### Your goal
Copy exactly the lines from the start of the data below through the one that carries "wconv (\<lambda>n. star", and only those.
(Beginning of Records to process)
definition continuous_tf :: "(dfun \<Rightarrow> dfun \<Rightarrow> dfun) \<Rightarrow> bool" where
  "continuous_tf star \<longleftrightarrow>
     (\<forall>Fs Ls F L. (\<forall>n. Dplus (Fs n)) \<and> (\<forall>n. Dplus (Ls n)) \<and> Dplus F \<and> Dplus L
        \<and> wconv Fs F sequentially \<and> wconv Ls L sequentially
        \<longrightarrow> wconv (\<lambda>n. star (Fs n) (Ls n)) (star F L) sequentially)"

definition pms :: "'a set \<Rightarrow> ('a \<Rightarrow> 'a \<Rightarrow> dfun) \<Rightarrow> (dfun \<Rightarrow> dfun \<Rightarrow> dfun) \<Rightarrow> bool" where
  "pms G D star \<longleftrightarrow> triangle_function star
     \<and> (\<forall>p\<in>G. \<forall>q\<in>G. Dplus (D p q))
     \<and> (\<forall>p\<in>G. \<forall>q\<in>G. D p q = H0 \<longleftrightarrow> p = q)
     \<and> (\<forall>p\<in>G. \<forall>q\<in>G. D p q = D q p)
     \<and> (\<forall>p\<in>G. \<forall>q\<in>G. \<forall>r\<in>G. star (D p q) (D q r) \<le> D p r)"

definition pm_cauchy :: "'a set \<Rightarrow> ('a \<Rightarrow> 'a \<Rightarrow> dfun) \<Rightarrow> (nat \<Rightarrow> 'a) \<Rightarrow> bool" where
  "pm_cauchy G D z \<longleftrightarrow> (\<forall>n. z n \<in> G)
     \<and> wconv (\<lambda>(n, p). D (z n) (z p)) H0 (sequentially \<times>\<^sub>F sequentially)"

definition prob_lip1 :: "'a set \<Rightarrow> ('a \<Rightarrow> 'a \<Rightarrow> dfun) \<Rightarrow> (dfun \<Rightarrow> dfun \<Rightarrow> dfun)
    \<Rightarrow> ('a \<Rightarrow> dfun) \<Rightarrow> bool" where
  "prob_lip1 G D star f \<longleftrightarrow> (\<forall>x\<in>G. Dplus (f x))
     \<and> (\<forall>x\<in>G. \<forall>y\<in>G. star (D x y) (f y) \<le> f x)"

definition PiG :: "'a set \<Rightarrow> ('a \<Rightarrow> 'a \<Rightarrow> dfun) \<Rightarrow> (dfun \<Rightarrow> dfun \<Rightarrow> dfun)
    \<Rightarrow> ('a \<Rightarrow> dfun) \<Rightarrow> bool" where
  "PiG G D star f \<longleftrightarrow> prob_lip1 G D star f
     \<and> (\<exists>a. pm_cauchy G D a \<and> (\<forall>x\<in>G. wconv (\<lambda>n. D (a n) x) (f x) sequentially))"

definition is_Dsup :: "dfun set \<Rightarrow> dfun \<Rightarrow> bool" where
  "is_Dsup S L \<longleftrightarrow> Dplus L \<and> (\<forall>F\<in>S. F \<le> L)
     \<and> (\<forall>U. Dplus U \<and> (\<forall>F\<in>S. F \<le> U) \<longrightarrow> L \<le> U)"

end

theory Submission
  imports Defs "HOL-Probability.Helly_Selection"
begin

text \<open>The cross distances \<open>D(a\<^sub>n, b\<^sub>m)\<close> converge as \<open>n, m \<rightarrow> \<infinity>\<close>: by Helly's selection
  theorem every way of letting \<open>n, m \<rightarrow> \<infinity>\<close> has a subsequence along which they converge weakly,
  and the triangle inequality together with continuity of \<open>\<star>\<close> squeezes
  \<open>D(a\<^sub>n, b\<^sub>m)\<close> between distances along the Cauchy sequences, which tend to \<open>H\<^sub>0\<close>, so all
  these subsequential limits coincide. Iterated limits then identify the double limit \<open>L\<close> with
  the limits of \<open>f(b\<^sub>m)\<close>, \<open>g(a\<^sub>n)\<close> and \<open>D(a\<^sub>n, b\<^sub>n)\<close>. Finally
  \<open>D(a\<^sub>n, x) \<star> D(x, b\<^sub>n) \<le> D(a\<^sub>n, b\<^sub>n)\<close> gives \<open>f(x) \<star> g(x) \<le> L\<close>, while
  \<open>L\<close> is the limit of \<open>f(b\<^sub>m) \<star> g(b\<^sub>m)\<close> because \<open>g(b\<^sub>m) \<rightarrow> H\<^sub>0\<close>; so \<open>L\<close> is the
  supremum of the \<open>f(x) \<star> g(x)\<close>, which also shows that it does not depend on the sequences.\<close>

lemma Dplus_mono: "Dplus F \<Longrightarrow> mono F"
  by (simp add: Dplus_def distfun_def)

lemma Dplus_nonneg: "Dplus F \<Longrightarrow> 0 \<le> F t"
  by (simp add: Dplus_def distfun_def)

lemma Dplus_le_one: "Dplus F \<Longrightarrow> F t \<le> 1"
  by (simp add: Dplus_def distfun_def)

lemma Dplus_PInf: "Dplus F \<Longrightarrow> F \<infinity> = 1"
  by (simp add: Dplus_def distfun_def)

lemma Dplus_MInf: "Dplus F \<Longrightarrow> F (-\<infinity>) = 0"
  by (simp add: Dplus_def distfun_def)

lemma Dplus_left_continuous: "Dplus F \<Longrightarrow> ((\<lambda>s. F (ereal s)) \<longlongrightarrow> F (ereal x)) (at_left x)"
  by (simp add: Dplus_def distfun_def)

lemma Dplus_eq_0_nonpos:
  assumes "Dplus F" and "t \<le> 0"
  shows "F t = 0"
proof -
  have "F t \<le> F 0" using Dplus_mono[OF assms(1)] assms(2) by (simp add: monoD)
  with assms(1) show ?thesis by (auto simp: Dplus_def distfun_def intro: antisym)
qed

lemma mono_Dplus_real: "Dplus F \<Longrightarrow> mono (\<lambda>s. F (ereal s))"
  by (auto simp: mono_def dest: Dplus_mono monoD)

lemma countable_discont_Dplus: "Dplus F \<Longrightarrow> countable {s. \<not> isCont (\<lambda>s. F (ereal s)) s}"
  by (rule mono_ctble_discont[OF mono_Dplus_real])

lemma Dplus_H0: "Dplus H0"
proof -
  have "eventually (\<lambda>s. H0 (ereal s) = H0 (ereal x)) (at_left x)" for x
  proof (cases "x \<le> 0")
    case True
    show ?thesis
      using eventually_at_left_real[of "x - 1" x] by (rule eventually_mono) (use True in \<open>auto simp: H0_def\<close>)
  next
    case False
    show ?thesis
      using eventually_at_left_real[of 0 x] False by (auto simp: H0_def elim: eventually_mono)
  qed
  then have "((\<lambda>s. H0 (ereal s)) \<longlongrightarrow> H0 (ereal x)) (at_left x)" for x
    by (rule tendsto_eventually)
  moreover have "mono H0" by (auto simp: mono_def H0_def)
  ultimately show ?thesis by (auto simp: Dplus_def distfun_def H0_def)
qed

lemma is_Dsup_unique: "is_Dsup S L \<Longrightarrow> is_Dsup S L' \<Longrightarrow> L = L'"
  unfolding is_Dsup_def by (simp add: antisym)

lemma eventually_at_left_avoid_countable:
  fixes x :: real
  assumes "countable C" and "eventually P (at_left x)"
  shows "\<exists>s<x. P s \<and> s \<notin> C"
proof -
  obtain b where "b < x" and P: "\<And>y. b < y \<Longrightarrow> y < x \<Longrightarrow> P y"
    using assms(2) by (auto simp: eventually_at_left_field)
  moreover obtain s where "s \<in> {b<..<x}" "s \<notin> C"
    using open_minus_countable[OF assms(1), of "{b<..<x}"] \<open>b < x\<close> by auto
  ultimately show ?thesis by auto
qed

lemma eventually_at_right_avoid_countable:
  fixes x :: real
  assumes "countable C" and "eventually P (at_right x)"
  shows "\<exists>s>x. P s \<and> s \<notin> C"
proof -
  obtain b where "x < b" and P: "\<And>y. x < y \<Longrightarrow> y < b \<Longrightarrow> P y"
    using assms(2) by (auto simp: eventually_at_right_field)
  moreover obtain s where "s \<in> {x<..<b}" "s \<notin> C"
    using open_minus_countable[OF assms(1), of "{x<..<b}"] \<open>x < b\<close> by auto
  ultimately show ?thesis by auto
qed

section \<open>Weak convergence\<close>

lemma wconv_const: "wconv (\<lambda>_. U) U net"
  by (simp add: wconv_def)

lemma wconv_compose:
  assumes "wconv X L F" and "filterlim q F G"
  shows "wconv (\<lambda>k. X (q k)) L G"
  using assms by (auto simp: wconv_def intro: filterlim_compose[where f = q])

lemma wconv_prod_compose:
  assumes "wconv (\<lambda>(n, m). X n m) L (sequentially \<times>\<^sub>F sequentially)"
    and "filterlim i sequentially F" and "filterlim j sequentially F"
  shows "wconv (\<lambda>k. X (i k) (j k)) L F"
  using wconv_compose[OF assms(1) filterlim_Pair[OF assms(2,3)]] by simp

lemma wconv_prod_swap:
  assumes "wconv (\<lambda>(n, m). X n m) L (F \<times>\<^sub>F G)"
  shows "wconv (\<lambda>(m, n). X n m) L (G \<times>\<^sub>F F)"
  using wconv_compose[OF assms filterlim_Pair[OF filterlim_snd filterlim_fst]]
  by (simp add: case_prod_unfold)

lemma wconv_lower_bound:
  assumes F: "mono (\<lambda>s. F (ereal s))" and Fs: "\<And>i. mono (Fs i)"
    and lim: "wconv Fs F net" and "net \<noteq> bot"
    and ev: "eventually (\<lambda>i. c \<le> Fs i (ereal x)) net" and "x < t"
  shows "c \<le> F (ereal t)"
proof -
  obtain s where s: "x < s" "s < t" "isCont (\<lambda>s. F (ereal s)) s"
    using eventually_at_left_avoid_countable[OF mono_ctble_discont[OF F]
        eventually_at_left_real[OF \<open>x < t\<close>]] by auto
  have mono_i: "Fs i (ereal x) \<le> Fs i (ereal s)" for i using Fs s(1) by (simp add: monoD)
  have "eventually (\<lambda>i. c \<le> Fs i (ereal s)) net"
    using ev by eventually_elim (rule order_trans[OF _ mono_i])
  with lim s(3) \<open>net \<noteq> bot\<close> have "c \<le> F (ereal s)"
    by (auto simp: wconv_def intro: tendsto_lowerbound)
  also have "\<dots> \<le> F (ereal t)" using monoD[OF F] s(2) by simp
  finally show ?thesis .
qed

lemma wconv_upper_bound:
  assumes F: "mono (\<lambda>s. F (ereal s))" and Fs: "\<And>i. mono (Fs i)"
    and lim: "wconv Fs F net" and "net \<noteq> bot"
    and ev: "eventually (\<lambda>i. Fs i (ereal x) \<le> c) net" and "t < x"
  shows "F (ereal t) \<le> c"
proof -
  obtain s where s: "t < s" "s < x" "isCont (\<lambda>s. F (ereal s)) s"
    using eventually_at_right_avoid_countable[OF mono_ctble_discont[OF F]
        eventually_at_right_real[OF \<open>t < x\<close>]] by auto
  have mono_i: "Fs i (ereal s) \<le> Fs i (ereal x)" for i using Fs s(2) by (simp add: monoD)
  have "eventually (\<lambda>i. Fs i (ereal s) \<le> c) net"
    using ev by eventually_elim (rule order_trans[OF mono_i])
  with lim s(3) \<open>net \<noteq> bot\<close> have "F (ereal s) \<le> c"
    by (auto simp: wconv_def intro: tendsto_upperbound)
  have "F (ereal t) \<le> F (ereal s)" using monoD[OF F] s(1) by simp
  also have "\<dots> \<le> c" by fact
  finally show ?thesis .
qed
(End of Records to process)
### Output of the exercise
definition continuous_tf :: "(dfun \<Rightarrow> dfun \<Rightarrow> dfun) \<Rightarrow> bool" where
  "continuous_tf star \<longleftrightarrow>
     (\<forall>Fs Ls F L. (\<forall>n. Dplus (Fs n)) \<and> (\<forall>n. Dplus (Ls n)) \<and> Dplus F \<and> Dplus L
        \<and> wconv Fs F sequentially \<and> wconv Ls L sequentially
        \<longrightarrow> wconv (\<lambda>n. star (Fs n) (Ls n)) (star F L) sequentially)"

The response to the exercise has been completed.